Resources

“The way to right wrongs is to turn the light of truth upon them.”

— Ida B. Wells

Background image: African American children and teacher in classroom studying corn and cotton, Annie Davis School, near Tuskegee, Alabama. 1902. Photo by Frances Benjamin Johnston. Library of Congress
Image credit:
Children in classroom studying corn and cotton, Annie Davis School, near Tuskegee, Alabama. 1902. Photo by Frances Benjamin Johnston. Library of Congress

Below you'll find a collection of books we've compiled from scholars both at UC Berkeley and other institutions on topics related to slavery, race, and other themes of the 400 Year Commemoration. (View more on Page 2)

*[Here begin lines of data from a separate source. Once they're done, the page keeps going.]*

(* Let $G$ be a finite group, $S\le G$ a subgroup and $B$ an $S$-Galois algebra over a field $k$ which is simple as an algebra. Then the sequence $1\to\mathrm{Aut}_S(B)\xrightarrow{\mathrm{Ind}}\mathrm{Aut}_G(\mathrm{Ind}_S^G(B))\xrightarrow{\pi}N_G(S)/S$ is exact. Moreover, the sequence $1\to\mathrm{Aut}_S(B)\to\mathrm{Aut}_G(\mathrm{Ind}_S^G(B))\to N_G(S)/S\to1$ is exact if and only if $B\cong B^{(g)}$ as $S$-algebras for all $g\in N_G(S)$.
   Context: An $S$-algebra is a $k$-algebra with $S$ acting by algebra automorphisms; $\mathrm{Aut}_S(B)$ = $S$-equivariant algebra automorphisms. An $S$-Galois algebra is a nonzero $S$-algebra $B$ with $B^S=k$ and $B\otimes_kB\to\prod_{s\in S}B$, $x\otimes y\mapsto(x(s\cdot y))_s$, bijective. $\mathrm{Ind}_S^G(B)=\{r:G\to B\mid r(sg)=s\cdot r(g)\ \forall s\in S,g\in G\}$ with pointwise operations and $(g\cdot r)(x)=r(xg)$. The map $\mathrm{Ind}$ sends $f\in\mathrm{Aut}_S(B)$ to $r\mapsto f\circ r$. For a right coset $Sg$, $\chi_{Sg}\in\mathrm{Ind}_S^G(B)$ is the function equal to $1$ on $Sg$ and $0$ elsewhere; since $B$ is simple these are exactly the central primitive idempotents of $\mathrm{Ind}_S^G(B)$, and $\pi(F)=Sg$ where $Sg$ is the coset with $F(\chi_S)=\chi_{Sg}$; this defines a group homomorphism $\pi:\mathrm{Aut}_G(\mathrm{Ind}_S^G(B))\to N_G(S)/S$. For $g\in N_G(S)$, $B^{(g)}$ is $B$ with the $S$-action $h\cdot_g b=(ghg^{-1})\cdot b$. *)

theory Defs
  imports "HOL-Algebra.Algebra"
begin

section \<open>k-algebras (type-based: B is the type 'b, scalars act via sc)\<close>

definition k_algebra :: "('k::field \<Rightarrow> 'b::ring_1 \<Rightarrow> 'b) \<Rightarrow> bool" where
  "k_algebra sc \<longleftrightarrow>
     (\<forall>a x y. sc a (x + y) = sc a x + sc a y) \<and>
     (\<forall>a b x. sc (a + b) x = sc a x + sc b x) \<and>
     (\<forall>a b x. sc (a * b) x = sc a (sc b x)) \<and>
     (\<forall>x. sc 1 x = x) \<and>
     (\<forall>a x y. sc a (x * y) = sc a x * y \<and> sc a (x * y) = x * sc a y)"

definition alg_hom :: "('k::field \<Rightarrow> 'b::ring_1 \<Rightarrow> 'b) \<Rightarrow> ('b \<Rightarrow> 'b) \<Rightarrow> bool" where
  "alg_hom sc f \<longleftrightarrow>
     (\<forall>x y. f (x + y) = f x + f y) \<and> (\<forall>x y. f (x * y) = f x * f y) \<and> f 1 = 1 \<and>
     (\<forall>a x. f (sc a x) = sc a (f x))"

text \<open>Simple algebra: the only two-sided ideals are 0 and B (B nonzero since 'b is ring_1).\<close>
definition simple_algebra :: "('k::field \<Rightarrow> 'b::ring_1 \<Rightarrow> 'b) \<Rightarrow> bool" where
  "simple_algebra sc \<longleftrightarrow>
     (\<forall>I::'b set. (0 \<in> I \<and> (\<forall>x\<in>I. \<forall>y\<in>I. x - y \<in> I) \<and> (\<forall>x\<in>I. \<forall>a. sc a x \<in> I) \<and>
                 (\<forall>x\<in>I. \<forall>b. b * x \<in> I \<and> x * b \<in> I))
               \<longrightarrow> I = {0} \<or> I = UNIV)"

definition S_algebra :: "'g monoid \<Rightarrow> 'g set \<Rightarrow> ('k::field \<Rightarrow> 'b::ring_1 \<Rightarrow> 'b) \<Rightarrow> ('g \<Rightarrow> 'b \<Rightarrow> 'b) \<Rightarrow> bool" where
  "S_algebra G S sc act \<longleftrightarrow> k_algebra sc \<and>
     (\<forall>s\<in>S. bij (act s) \<and> alg_hom sc (act s)) \<and> act \<one>\<^bsub>G\<^esub> = id \<and>
     (\<forall>s\<in>S. \<forall>t\<in>S. act (s \<otimes>\<^bsub>G\<^esub> t) = act s \<circ> act t)"

section \<open>Tensor product B \<otimes>_k B as free vector space on B x B modulo bilinearity\<close>

definition tensor_free :: "('b \<times> 'b \<Rightarrow> 'k::field) set" where
  "tensor_free = {c. finite {p. c p \<noteq> 0}}"

definition delta :: "'b \<times> 'b \<Rightarrow> 'b \<times> 'b \<Rightarrow> 'k::field" where
  "delta p = (\<lambda>q. if q = p then 1 else 0)"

Slavery and the University cover

Slavery and the University: Histories and Legacies

Edited by Leslie Harris, James T. Campbell and Alfred L. Brophy (University of Georgia Press, 2019)

Slavery and the University is the first edited collection of scholarly essays devoted solely to the histories and legacies of this subject on North American campuses and in their Atlantic contexts. Gathering together contributions from scholars, activists, and administrators, the volume combines two broad bodies of work: (1) historically based interdisciplinary research on the presence of slavery at higher education institutions in terms of the development of proslavery and antislavery thought and the use of slave labor; and (2) analysis on the ways in which the legacies of slavery in institutions of higher education continued in the post-Civil War era to the present day.

Judith Carney's book photo

In the Shadow of Slavery: Africa’s Botanical Legacy in the Atlantic World

By Judith Carney, Professor of Geography at UCLA, (University of California Press, 2011)

In the Shadow of Slavery provides a startling new assessment of the Atlantic slave trade and upends conventional wisdom by shifting attention from the crops slaves were forced to produce to the foods they planted for their own nourishment. Many familiar foods—millet, sorghum, coffee, okra, watermelon, and the “Asian” long bean, for example—are native to Africa, while commercial products such as Coca Cola, Worcestershire Sauce, and Palmolive Soap rely on African plants that were brought to the Americas on slave ships as provisions, medicines, cordage, and bedding. 

How to be an anti-racist cover image

How to Be an Antiracist: A Memoir of My Journey

By Ibram X. Kendi, Professor, History and International Relations, American University. (Penguin Random House, coming August 13, 2019)

Back in 2000, countless Americans were imagining their nation as colorblind. Eight years later, countless Americans were imagining their nation as post-racial. The discourse on racism, the recognition of racism seemed to be on the way out as the nation’s first Black president headed into the White House. But then came the racist reaction to President Barack Obama and the police killings of innocent Black people and the defenses and exonerations of those officers and then came the activists that prosecuted them in the court of public opinion with the opening and closing arguments that Black lives matter.

Sexuality and Slavery cover image

Sexuality and Slavery: Reclaiming Intimate Histories in the Americas

Edited by Daina Ramey Berry and Leslie M. Harris, (University of Georgia Press, 2018)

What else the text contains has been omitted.